Chapter 8 Griffin

EIGHT

GRIFFIN

I’m there at eleven-fifteen. I have brought the same book.

I sit on the same bench. I do not open the book.

There is no point in pretending today. It’s colder than yesterday.

The bench is colder than yesterday. The wind on this part of campus gets between the buildings and goes faster than wind should go.

I’m sitting in it. I am not moving. My hands inside my coat pockets are inside fists I did not make on purpose.

I’m watching the door. I watch the door for nineteen minutes.

I don’t know how I’ll know when it’s the right time to stand.

I don’t know what I’m going to say. I have rehearsed this in my head for two days and I have not arrived at a sentence.

I have arrived at a name. That’s all I have.

The name. He comes out at eleven-thirty-eight.

Two minutes earlier than yesterday. He is alone.

I see him before he sees me, which is the last advantage I will have, and I use it.

I stand up. I cross the path. I’m in front of him before he has registered that someone is in front of him.

When he looks up his face works the way I have been wanting his face to do.

It does not look surprised. It looks caught. That’s the thing I notice first and the thing I will think about later, much later, when I am alone: that he did not look surprised to see me. He looked the way you look when something you have been afraid of for a long time has finally happened.

“Reece,” I say.

Not a question. I don’t say is that you or I knew it or anything that gives him room to deflect.

I say his name, the real one, the one I have not said in two years.

His face does not move. Only his eyes do, and his eyes do everything.

I watch them do it. There’s a half-second where he is weighing something.

Whether to play it. Whether to lie. Whether to say who.

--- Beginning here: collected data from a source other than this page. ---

theorem mainTheorem4:
  fixes h :: "real \<Rightarrow> real"
  assumes smooth: "smooth_real h"
    and h_neg: "\<And>T. T \<le> 0 \<Longrightarrow> h T = pi / 2"
    and h_mid: "\<And>T. 0 < T \<Longrightarrow> T < 1 \<Longrightarrow> 0 < h T \<and> h T < pi / 2"
    and h_big: "\<And>T. 1 \<le> T \<Longrightarrow> h T = 0"
  defines "g \<equiv> (\<lambda>x. tan (h x))"
    and "B \<equiv> (\<lambda>x. exp (integral {0..x} (\<lambda>z. cot (h z))))"
  assumes g3: "\<And>x. 0 < x \<Longrightarrow> x < 1 \<Longrightarrow> deriv (deriv (deriv g)) x < 0"
  defines "C \<equiv> (\<lambda>x. (1 / B x) * integral {0..x}
              (\<lambda>z. cos (x - z) * deriv B z *
                   (if z = x then deriv g x else (g x - g z) / (x - z))))"
  shows "(C \<longlongrightarrow> 0) (at_left 1)"
proof -
  have profile: "angle_transition h"
    using smooth h_neg h_mid h_big
    by unfold_locales (auto intro: smooth_real_has_real_derivative smooth_real_isCont_deriv)
  have B_eq: "angle_transition.B h = B" and g_eq: "angle_transition.g h = g"
    by (simp_all add: B_def g_def angle_transition.B_def[OF profile] angle_transition.g_def[OF profile])
  have "C = (\<lambda>x. integral {0..x} (angle_transition.C_integrand h x) / angle_transition.B h x)"
    unfolding C_def angle_transition.C_integrand_def[OF profile, abs_def] B_eq g_eq by simp
  then show ?thesis
    using angle_transition.C_tendsto_0[OF profile] by simp
qed

end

I watch him decide not to. He gives it up in the eyes before anything else.

“Griffin,” he says.

His voice is the same. Two years of imagining what it might sound like now and it sounds the same. I want to put my hand against the side of the building because my legs almost give. I do not. I stand. I keep standing.

“You’re alive.”

“Yeah.”

“Say it.”

“What?”

“Say you’re alive. Say the words.”

He looks at me. He looks at me for a long time.

His face is not the face from the obituary photograph.

It’s not the face from the laugh in the coffee shop.

It’s not the face I’d been holding in my head for two years.

It’s a face I do not know. It has the same scar above the left eyebrow.

It has the same mouth. But it is not the same face.

I’m looking at it. He’s letting me. Somewhere behind us a girl on a phone is laughing about something and a guy on a skateboard is going past and the world is doing what it does.

“I’m alive,” he says.

He says it quiet. I want to hit him. That’s the first clear thing I think and I do not let it show on my face but I think it.

I want to put my fist through the side of his face.

I want to grab him by the collar of the jacket I have never seen and shake him until something in him breaks.

I want to hear him make a sound I have never heard him make.

I want him to know what hurt is. I do not move.

“I buried you,” I say.

Something goes out of his face. Not the eyes. The whole face. He looks like someone has hit him without hitting him.

“I know.”

A beat.

“Griffin.”

“What.”

“It’s Reed now. Not Reece anymore. The name.”

I do not say it back. I’m not going to say it back. He has just handed me a name and I’m not going to take it on a sidewalk.

“You don’t know,” I say.

“Griffin.”

“You don’t know. You don’t get to know. You weren’t there. You weren’t there, you don’t know what it was, you don’t.”

I stop. He has not said anything else. He’s waiting. He’s letting the other person have the words first because the other person’s words will tell him what he’s allowed to say. He has just used the words he had to use. The rest is mine.

“I’m not doing this here,” I say.

“Okay.”

His hand goes up and touches the strap of his bag, then comes back down. I do not know what to do with that. He used to do that. He used to do it when he was about to say something he didn’t want to say. He’s doing it now. He’s not saying anything.

“I’m going home,” I say. “You know where I live.”

He knows where I live. I haven’t told him I know that. He doesn’t ask.

“Tonight,” I say. “Eight.”

“Okay.”

I walk past him. I keep walking. I do not turn around.

I do not stop. I do not slow down. Somewhere two minutes into walking I realize my hands are shaking and have been shaking the whole time.

I put them in my pockets. I keep going. He said okay.

He said okay and okay. He touched the strap of his bag.

He looked at me like he’d been afraid of this for a long time.

He’s going to come. He’s going to come to my apartment tonight at eight and I’m going to open the door and he’s going to be standing on the other side of it, alive. I don’t know what I’m going to do.